Tag-Wise Frequency and Representative Utterances

Finally, based on the automated tagging results, the internal cognitive flow and transitional structures within utterances were visualized. These visualizations facilitated the comparison and analysis of structural differences in thinking patterns across clusters. This approach transcends simple frequency counts, providing a foundation for transforming qualitative data into structured insights. It enables a more nuanced interpretation of transitional contexts and intercategory relationships within design cognition.

3. 6. Visualization of Utterance Flow

Following the structuring of qualitative utterance data, an automated visualization procedure was developed to systematically interpret patterns of cognitive progression. The primary goal was to visualize utterance structures based on automatically assigned cognitive function tags, thereby quantitatively capturing the directionality and transition dynamics of thought processes. This approach addresses the inherent subjectivity and limited reproducibility of conventional qualitative analysis, aiming to establish a repeatable and scalable analytical framework.

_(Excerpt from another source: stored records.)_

lemma sin_pi_frac_pos: "0 < s \<Longrightarrow> s < int n \<Longrightarrow> sin (pi * real_of_int s / real n) > 0"
  by (rule sin_gt_zero) (use n_pos in \<open>auto simp: field_simps\<close>)

lemma sin_pi_frac_nonneg: "0 \<le> s \<Longrightarrow> s \<le> int n \<Longrightarrow> sin (pi * real_of_int s / real n) \<ge> 0"
  by (rule sin_ge_zero) (use n_pos in \<open>auto simp: field_simps\<close>)

lemma cross_vertex:
  shows "cross (d k) (W j - W k) \<ge> 0"
    and "(j - k) mod int n \<noteq> 0 \<Longrightarrow> (j - k) mod int n \<noteq> 1 \<Longrightarrow> cross (d k) (W j - W k) > 0"
proof -
  define s where "s = (j - k) mod int n"
  have s0: "0 \<le> s" "s < int n" using n_pos by (simp_all add: s_def)
  have Wj: "W j = W (k + s)" by (rule W_cong) (simp add: s_def mod_add_right_eq)
  have A: "cross (d k) (W j - W k) = 4*\<rho>^2 * sin (pi*real_of_int 1/real n) * sin (pi*real_of_int (s-1)/real n) * sin (pi*real_of_int s/real n)"
    unfolding Wj using cross_vertices[of n c \<rho> th k 1 s] by simp
  have p1: "sin (pi*real_of_int 1/real n) > 0" by (rule sin_pi_frac_pos) (use n_ge5_int in auto)
  show "cross (d k) (W j - W k) \<ge> 0"
  proof (cases "s = 0")
    case True then show ?thesis unfolding A by simp
  next
    case False
    then have "sin (pi*real_of_int (s-1)/real n) \<ge> 0" "sin (pi*real_of_int s/real n) \<ge> 0"
      using s0 sin_pi_frac_nonneg[of "s-1"] sin_pi_frac_nonneg[of s] by auto
    then show ?thesis unfolding A using p1 rho by (auto intro!: mult_nonneg_nonneg)
  qed
  assume "(j - k) mod int n \<noteq> 0" "(j - k) mod int n \<noteq> 1"
  then have "s \<ge> 2" using s0 unfolding s_def by linarith
  then have "sin (pi*real_of_int (s-1)/real n) > 0" "sin (pi*real_of_int s/real n) > 0"
    using s0 sin_pi_frac_pos[of "s-1"] sin_pi_frac_pos[of s] by auto
  then show "cross (d k) (W j - W k) > 0" unfolding A using p1 rho by (auto intro!: mult_pos_pos)
qed

lemma edge_param: "x \<in> E k \<longleftrightarrow> (\<exists>t. 0 \<le> t \<and> t \<le> 1 \<and> x = W k + complex_of_real t * d k)"
  by (rule closed_segment_param)

lemma cross_edge_nonneg: "x \<in> E j \<Longrightarrow> cross (d k) (x - W k) \<ge> 0"
proof -
  assume "x \<in> E j"
  then obtain t where t: "0 \<le> t" "t \<le> 1" "x = W j + complex_of_real t * d j" by (auto simp: edge_param)
  have "cross (d k) (x - W k) = (1 - t) * cross (d k) (W j - W k) + t * cross (d k) (W (j+1) - W k)"
    unfolding t(3) by (rule cross_segment_point)
  then show ?thesis using cross_vertex(1)[of k j] cross_vertex(1)[of k "j+1"] t by simp
qed

lemma cross_on_edge: "x \<in> E k \<Longrightarrow> cross (d k) (x - W k) = 0"
proof -
  assume "x \<in> E k"
  then obtain t where t: "x = W k + complex_of_real t * d k" by (auto simp: edge_param)
  show ?thesis unfolding t by (simp add: cross_self)
qed

lemma line_meets_edge:
  assumes x: "x \<in> E j" and z: "cross (d k) (x - W k) = 0"
  shows "(j - k) mod int n = 0 \<or> ((j - k) mod int n = 1 \<and> x = W j) \<or> ((k - j) mod int n = 1 \<and> x = W k)"
proof -
  obtain t where t: "0 \<le> t" "t \<le> 1" "x = W j + complex_of_real t * d j" using x by (auto simp: edge_param)
  have e: "(1 - t) * cross (d k) (W j - W k) + t * cross (d k) (W (j+1) - W k) = 0"
    using z unfolding t(3) cross_segment_point .
  have A: "cross (d k) (W j - W k) \<ge> 0" "cross (d k) (W (j+1) - W k) \<ge> 0" by (rule cross_vertex(1))+
  have m1: "(j + 1 - k) mod int n = (if (j-k) mod int n + 1 = int n then 0 else (j-k) mod int n + 1)"
    using mod_succ_cases[of "int n" "j - k"] n_pos by (simp add: algebra_simps)
  have kj: "(k - j) mod int n = 1" if "(j + 1 - k) mod int n = 0"
  proof -
    have "(k - j) mod int n = (1 - (j + 1 - k)) mod int n" by simp
    also have "\<dots> = (1 mod int n - (j + 1 - k) mod int n) mod int n" by (simp add: mod_diff_eq)
    also have "\<dots> = 1" using that n_ge5_int by simp
    finally show ?thesis .
  qed
  show ?thesis
  proof (cases "t = 0")
    case True
    then have "cross (d k) (W j - W k) = 0" using e by simp
    then have "(j - k) mod int n = 0 \<or> (j - k) mod int n = 1" using cross_vertex(2)[of j k] by fastforce
    then show ?thesis using True t(3) by auto
  next
    case False
    show ?thesis
    proof (cases "t = 1")
      case True
      then have "cross (d k) (W (j+1) - W k) = 0" using e by simp
      then have "(j + 1 - k) mod int n = 0 \<or> (j + 1 - k) mod int n = 1" using cross_vertex(2)[of "j+1" k] by fastforce
      moreover have "x = W (j+1)" using True t(3) by simp
      moreover have "W (j+1) = W k" if "(j + 1 - k) mod int n = 0"
        by (rule W_cong) (use that in \<open>simp add: mod_eq_dvd_iff dvd_eq_mod_eq_0\<close>)
      ultimately show ?thesis using m1 kj by (auto split: if_splits)
    next
      case False
      with \<open>t \<noteq> 0\<close> t have tt: "0 < t" "t < 1" by auto
      have "cross (d k) (W j - W k) = 0" "cross (d k) (W (j+1) - W k) = 0"
        using e A tt by (smt (verit, best) mult_nonneg_nonneg mult_pos_pos)+
      then have "(j - k) mod int n \<in> {0,1}" "(j + 1 - k) mod int n \<in> {0,1}"
        using cross_vertex(2)[of j k] cross_vertex(2)[of "j+1" k] by fastforce+
      then show ?thesis using m1 n_ge5_int by (auto split: if_splits)
    qed
  qed
qed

A key visualization tool employed was the Sankey diagram, which depicts directional transitions and frequency-based flows between cognitive functions within utterances. This diagram aggregates transition patterns observed across individual utterance flows, providing a visual foundation for comparing cognitive structures and recurring patterns between clusters. By illustrating both the direction and intensity of function-to-function transitions, the Sankey diagram facilitates intuitive recognition of structural features in cognitive flows.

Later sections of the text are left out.